REPUBLIKA.CO.ID, Usia laki-laki ini sudah tidak muda lagi. Kerut di wajahnya semakin banyak dari hari ke hari. Matanya pun sudah tak mampu melihat benda yang jauh maupun dekat. Ada noda putih di bola matanya yang hitam.
Edi Supriyadi, itulah nama yang diberikan orangtua laki-laki baya ini. Kini usianya menginjak 73 tahun. Usia yang seharusnya dipakai untuk beristirahat menikmati hari tua bersama keluarga. Banyak orang yang beranggapan, semakin tua usia maka tubuh pun semakin tak kuat. Namun tidak bagi laki-laki yang berasal dari Garut ini.
Mamang Edi—nama panggilannya—terus bekerja sampai hari ini. Pekerjaannya sangat menguras tenaga. Apalagi mengingat usianya sudah sangat baya itu. Mang Edi harus berjalan hingga puluhan kilometer demi menjajakan dagangannya. Ia harus menjual somay demi menyambung hidup. Laki-laki yang tubuhnya sudah rapuh ini harus memikul dagangannya seberat puluhan kilogram itu sepanjang hari.
“Mamang mah berangkat dagang dari jam enam pagi,” kata laki-laki yang menggunakan topi hitam ini.
Jika dagangannya laris, sekitar pukul tiga sore ia sudah kembali ke kontrakannya. Namun, jika pembelinya sepi ia harus menjual somay hingga maghrib. Mang Edi sebenarnya ingin memiliki rumah di tempat perantauannya ini, Tangerang Selatan. Namun karena ketidakadaan biaya membuatnya urung untuk membeli atau membangun rumah.

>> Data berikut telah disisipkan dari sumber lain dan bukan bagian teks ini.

(* For terms $e, e_1, e_2$ of $\mathrm{F}_H$: if $e \longrightarrow e_1$ and $e \longrightarrow e_2$, then $e_1 = e_2$.
   Context: Syntax of the calculus $\mathrm{F}_H$. Fix a set of base types $B$ containing $\mathsf{Bool}$; each base type $B$ has a set $\mathcal{K}_B$ of constants (with $\mathcal{K}_{\mathsf{Bool}}=\{\mathsf{true},\mathsf{false}\}$); $k$ ranges over constants. Fix primitive operations $\mathtt{op}$, each with a denotation $[\![\mathtt{op}]\!]$, a partial function from tuples of constants to constants. Types: $T ::= B \mid \alpha \mid x{:}T_1\to T_2 \mid \forall\alpha.T \mid \{x{:}T \mid e\}$. Values: $v ::= k \mid \lambda x{:}T.e \mid \Lambda\alpha.e \mid \langle T_1\Rightarrow T_2\rangle^{\ell}$ ($\ell$ ranges over blame labels). Terms: $e ::= v \mid x \mid \mathtt{op}(e_1,\dots,e_n) \mid e_1\,e_2 \mid e\,T \mid \langle\!\langle \{x{:}T_1\mid e_1\}, e_2\rangle\!\rangle^{\ell} \mid \langle \{x{:}T_1\mid e_1\}, e_2, v\rangle^{\ell} \mid \Uparrow\ell$. Variables are not values. Substitution is capture-avoiding; $\mathsf{let}\ y{:}T = e_1\ \mathsf{in}\ e_2$ abbreviates $(\lambda y{:}T.e_2)\,e_1$. Reduction $\rightsquigarrow$: $\mathtt{op}(k_1,\dots,k_n)\rightsquigarrow[\![\mathtt{op}]\!](k_1,\dots,k_n)$; $(\lambda x{:}T.e)\,v\rightsquigarrow e[v/x]$; $(\Lambda\alpha.e)\,T\rightsquigarrow e[T/\alpha]$; $\langle B\Rightarrow B\rangle^\ell v\rightsquigarrow v$; $\langle x{:}T_{11}\to T_{12}\Rightarrow x{:}T_{21}\to T_{22}\rangle^\ell v\rightsquigarrow \lambda x{:}T_{21}.\,\mathsf{let}\ y{:}T_{11}=\langle T_{21}\Rightarrow T_{11}\rangle^\ell x\ \mathsf{in}\ \langle T_{12}[y/x]\Rightarrow T_{22}\rangle^\ell (v\,y)$ with $y$ fresh; $\langle\forall\alpha.T_1\Rightarrow\forall\alpha.T_2\rangle^\ell v\rightsquigarrow\Lambda\alpha.\langle T_1\Rightarrow T_2\rangle^\ell(v\,\alpha)$; $\langle\{x{:}T_1\mid e_1\}\Rightarrow T_2\rangle^\ell v\rightsquigarrow\langle T_1\Rightarrow T_2\rangle^\ell v$; $\langle T_1\Rightarrow\{x{:}T_2\mid e_2\}\rangle^\ell v\rightsquigarrow\langle\!\langle\{x{:}T_2\mid e_2\},\langle T_1\Rightarrow T_2\rangle^\ell v\rangle\!\rangle^\ell$ provided $T_1$ is not a refinement type; $\langle\!\langle\{x{:}T\mid e\},v\rangle\!\rangle^\ell\rightsquigarrow\langle\{x{:}T\mid e\},e[v/x],v\rangle^\ell$; $\langle\{x{:}T\mid e\},\mathsf{true},v\rangle^\ell\rightsquigarrow v$; $\langle\{x{:}T\mid e\},\mathsf{false},v\rangle^\ell\rightsquigarrow\Uparrow\ell$. Evaluation contexts: $E ::= [\,] \mid \mathtt{op}(v_1,\dots,v_n,E,e_1,\dots,e_m) \mid E\,e \mid v\,E \mid E\,T \mid \langle\!\langle\{x{:}T\mid e\},E\rangle\!\rangle^\ell \mid \langle\{x{:}T\mid e\},E,v\rangle^\ell$. Evaluation $\longrightarrow$: $E[e_1]\longrightarrow E[e_2]$ whenever $e_1\rightsquigarrow e_2$; $E[\Uparrow\ell]\longrightarrow\Uparrow\ell$ whenever $E\neq[\,]$. *)

theory Defs
  imports Main
begin

text \<open>Syntax of F_H, with locally bound variables represented by de Bruijn indices
  (two separate index spaces: term variables and type variables).  Hence syntactic
  equality of terms is equality up to alpha-conversion.

  Term-variable binders: the body of Lam; the codomain T2 of TFun T1 T2 (x:T1 -> T2);
  the predicate e of TRef T e ({x:T | e}), of Wait T e e2 and of Act T e e2 v.
  Type-variable binders: the body of TAll and of TLam.\<close>

datatype 'b bty = BBool | BOther 'b

datatype 'k const = CTrue | CFalse | CK 'k

datatype ('b, 'k, 'o, 'l) ty =
    TBase "'b bty"
  | TVar nat
  | TFun "('b, 'k, 'o, 'l) ty" "('b, 'k, 'o, 'l) ty"
  | TAll "('b, 'k, 'o, 'l) ty"
  | TRef "('b, 'k, 'o, 'l) ty" "('b, 'k, 'o, 'l) tm"
and ('b, 'k, 'o, 'l) tm =
    Const "'k const"
  | Lam "('b, 'k, 'o, 'l) ty" "('b, 'k, 'o, 'l) tm"
  | TLam "('b, 'k, 'o, 'l) tm"
  | Cast "('b, 'k, 'o, 'l) ty" "('b, 'k, 'o, 'l) ty" 'l
  | Var nat
  | Op 'o "('b, 'k, 'o, 'l) tm list"
  | App "('b, 'k, 'o, 'l) tm" "('b, 'k, 'o, 'l) tm"
  | TApp "('b, 'k, 'o, 'l) tm" "('b, 'k, 'o, 'l) ty"
  | Wait "('b, 'k, 'o, 'l) ty" "('b, 'k, 'o, 'l) tm" "('b, 'k, 'o, 'l) tm" 'l
      \<comment> \<open>Wait T e e2 l  =  the active check  <<{x:T | e}, e2>>^l\<close>
  | Act "('b, 'k, 'o, 'l) ty" "('b, 'k, 'o, 'l) tm" "('b, 'k, 'o, 'l) tm" "('b, 'k, 'o, 'l) tm" 'l
      \<comment> \<open>Act T e e2 v l  =  the active check  <{x:T | e}, e2, v>^l\<close>
  | Blame 'l

fun is_val :: "('b, 'k, 'o, 'l) tm \<Rightarrow> bool" where
  "is_val (Const k) = True"
| "is_val (Lam T e) = True"
| "is_val (TLam e) = True"
| "is_val (Cast T1 T2 l) = True"
| "is_val _ = False"

primrec wf_ty :: "('b, 'k, 'o, 'l) ty \<Rightarrow> bool"
and wf_tm :: "('b, 'k, 'o, 'l) tm \<Rightarrow> bool" where
  "wf_ty (TBase B) = True"
| "wf_ty (TVar a) = True"
| "wf_ty (TFun T1 T2) = (wf_ty T1 \<and> wf_ty T2)"
| "wf_ty (TAll T) = wf_ty T"
| "wf_ty (TRef T e) = (wf_ty T \<and> wf_tm e)"
| "wf_tm (Const k) = True"
| "wf_tm (Lam T e) = (wf_ty T \<and> wf_tm e)"
| "wf_tm (TLam e) = wf_tm e"
| "wf_tm (Cast T1 T2 l) = (wf_ty T1 \<and> wf_ty T2)"
| "wf_tm (Var x) = True"
| "wf_tm (Op f es) = list_all wf_tm es"
| "wf_tm (App e1 e2) = (wf_tm e1 \<and> wf_tm e2)"
| "wf_tm (TApp e T) = (wf_tm e \<and> wf_ty T)"
| "wf_tm (Wait T e e2 l) = (wf_ty T \<and> wf_tm e \<and> wf_tm e2)"
| "wf_tm (Act T e e2 v l) = (wf_ty T \<and> wf_tm e \<and> wf_tm e2 \<and> wf_tm v \<and> is_val v)"
| "wf_tm (Blame l) = True"

primrec vshift_ty :: "nat \<Rightarrow> ('b, 'k, 'o, 'l) ty \<Rightarrow> ('b, 'k, 'o, 'l) ty"
and vshift_tm :: "nat \<Rightarrow> ('b, 'k, 'o, 'l) tm \<Rightarrow> ('b, 'k, 'o, 'l) tm" where
  "vshift_ty c (TBase B) = TBase B"
| "vshift_ty c (TVar a) = TVar a"
| "vshift_ty c (TFun T1 T2) = TFun (vshift_ty c T1) (vshift_ty (Suc c) T2)"
| "vshift_ty c (TAll T) = TAll (vshift_ty c T)"
| "vshift_ty c (TRef T e) = TRef (vshift_ty c T) (vshift_tm (Suc c) e)"
| "vshift_tm c (Const k) = Const k"
| "vshift_tm c (Lam T e) = Lam (vshift_ty c T) (vshift_tm (Suc c) e)"
| "vshift_tm c (TLam e) = TLam (vshift_tm c e)"
| "vshift_tm c (Cast T1 T2 l) = Cast (vshift_ty c T1) (vshift_ty c T2) l"
| "vshift_tm c (Var x) = (if x < c then Var x else Var (Suc x))"
| "vshift_tm c (Op f es) = Op f (map (vshift_tm c) es)"
| "vshift_tm c (App e1 e2) = App (vshift_tm c e1) (vshift_tm c e2)"
| "vshift_tm c (TApp e T) = TApp (vshift_tm c e) (vshift_ty c T)"
| "vshift_tm c (Wait T e e2 l) = Wait (vshift_ty c T) (vshift_tm (Suc c) e) (vshift_tm c e2) l"
| "vshift_tm c (Act T e e2 v l) =
     Act (vshift_ty c T) (vshift_tm (Suc c) e) (vshift_tm c e2) (vshift_tm c v) l"
| "vshift_tm c (Blame l) = Blame l"

primrec tshift_ty :: "nat \<Rightarrow> ('b, 'k, 'o, 'l) ty \<Rightarrow> ('b, 'k, 'o, 'l) ty"
and tshift_tm :: "nat \<Rightarrow> ('b, 'k, 'o, 'l) tm \<Rightarrow> ('b, 'k, 'o, 'l) tm" where
  "tshift_ty c (TBase B) = TBase B"
| "tshift_ty c (TVar a) = (if a < c then TVar a else TVar (Suc a))"
| "tshift_ty c (TFun T1 T2) = TFun (tshift_ty c T1) (tshift_ty c T2)"
| "tshift_ty c (TAll T) = TAll (tshift_ty (Suc c) T)"
| "tshift_ty c (TRef T e) = TRef (tshift_ty c T) (tshift_tm c e)"
| "tshift_tm c (Const k) = Const k"
| "tshift_tm c (Lam T e) = Lam (tshift_ty c T) (tshift_tm c e)"
| "tshift_tm c (TLam e) = TLam (tshift_tm (Suc c) e)"
| "tshift_tm c (Cast T1 T2 l) = Cast (tshift_ty c T1) (tshift_ty c T2) l"
| "tshift_tm c (Var x) = Var x"
| "tshift_tm c (Op f es) = Op f (map (tshift_tm c) es)"
| "tshift_tm c (App e1 e2) = App (tshift_tm c e1) (tshift_tm c e2)"
| "tshift_tm c (TApp e T) = TApp (tshift_tm c e) (tshift_ty c T)"
| "tshift_tm c (Wait T e e2 l) = Wait (tshift_ty c T) (tshift_tm c e) (tshift_tm c e2) l"
| "tshift_tm c (Act T e e2 v l) =
     Act (tshift_ty c T) (tshift_tm c e) (tshift_tm c e2) (tshift_tm c v) l"
| "tshift_tm c (Blame l) = Blame l"

text \<open>Capture-avoiding substitution of the term s for term variable j
  (indices above j are decremented, since the binder of j disappears).\<close>
primrec vsubst_ty :: "nat \<Rightarrow> ('b, 'k, 'o, 'l) tm \<Rightarrow> ('b, 'k, 'o, 'l) ty \<Rightarrow> ('b, 'k, 'o, 'l) ty"
and vsubst_tm :: "nat \<Rightarrow> ('b, 'k, 'o, 'l) tm \<Rightarrow> ('b, 'k, 'o, 'l) tm \<Rightarrow> ('b, 'k, 'o, 'l) tm" where
  "vsubst_ty j s (TBase B) = TBase B"
| "vsubst_ty j s (TVar a) = TVar a"
| "vsubst_ty j s (TFun T1 T2) = TFun (vsubst_ty j s T1) (vsubst_ty (Suc j) (vshift_tm 0 s) T2)"
| "vsubst_ty j s (TAll T) = TAll (vsubst_ty j (tshift_tm 0 s) T)"
| "vsubst_ty j s (TRef T e) = TRef (vsubst_ty j s T) (vsubst_tm (Suc j) (vshift_tm 0 s) e)"
| "vsubst_tm j s (Const k) = Const k"
| "vsubst_tm j s (Lam T e) = Lam (vsubst_ty j s T) (vsubst_tm (Suc j) (vshift_tm 0 s) e)"
| "vsubst_tm j s (TLam e) = TLam (vsubst_tm j (tshift_tm 0 s) e)"
| "vsubst_tm j s (Cast T1 T2 l) = Cast (vsubst_ty j s T1) (vsubst_ty j s T2) l"
| "vsubst_tm j s (Var x) = (if x = j then s else if x < j then Var x else Var (x - 1))"
| "vsubst_tm j s (Op f es) = Op f (map (vsubst_tm j s) es)"
| "vsubst_tm j s (App e1 e2) = App (vsubst_tm j s e1) (vsubst_tm j s e2)"
| "vsubst_tm j s (TApp e T) = TApp (vsubst_tm j s e) (vsubst_ty j s T)"
| "vsubst_tm j s (Wait T e e2 l) =
     Wait (vsubst_ty j s T) (vsubst_tm (Suc j) (vshift_tm 0 s) e) (vsubst_tm j s e2) l"
| "vsubst_tm j s (Act T e e2 v l) =
     Act (vsubst_ty j s T) (vsubst_tm (Suc j) (vshift_tm 0 s) e) (vsubst_tm j s e2)
         (vsubst_tm j s v) l"
| "vsubst_tm j s (Blame l) = Blame l"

Laki-laki yang memiliki enam anak ini tinggal di sebuah kontrakan kecil. Biaya yang dikeluarkannya untuk membiayai kontrakan sekitar Rp 500 ribu per bulan. Biaya yang cukup mahal baginya. Mang Edi menceritakan, dia hanya memperoleh untung Rp 150 ribu dari dagangannya. Sedangkan modal yang dikeluarkan untuk membuat somay sekitar Rp 200 ribu.
Uang yang Mang Edi peroleh setiap hari ini, harus bisa ia bagi-bagi dengan kebutuhannya yang cukup banyak. Dari biaya kontrakan, modal membuat somay, uang makan dalam sehari. Selain itu, ia juga harus mengirim uang untuk keluarganya yang berada di kampung halaman.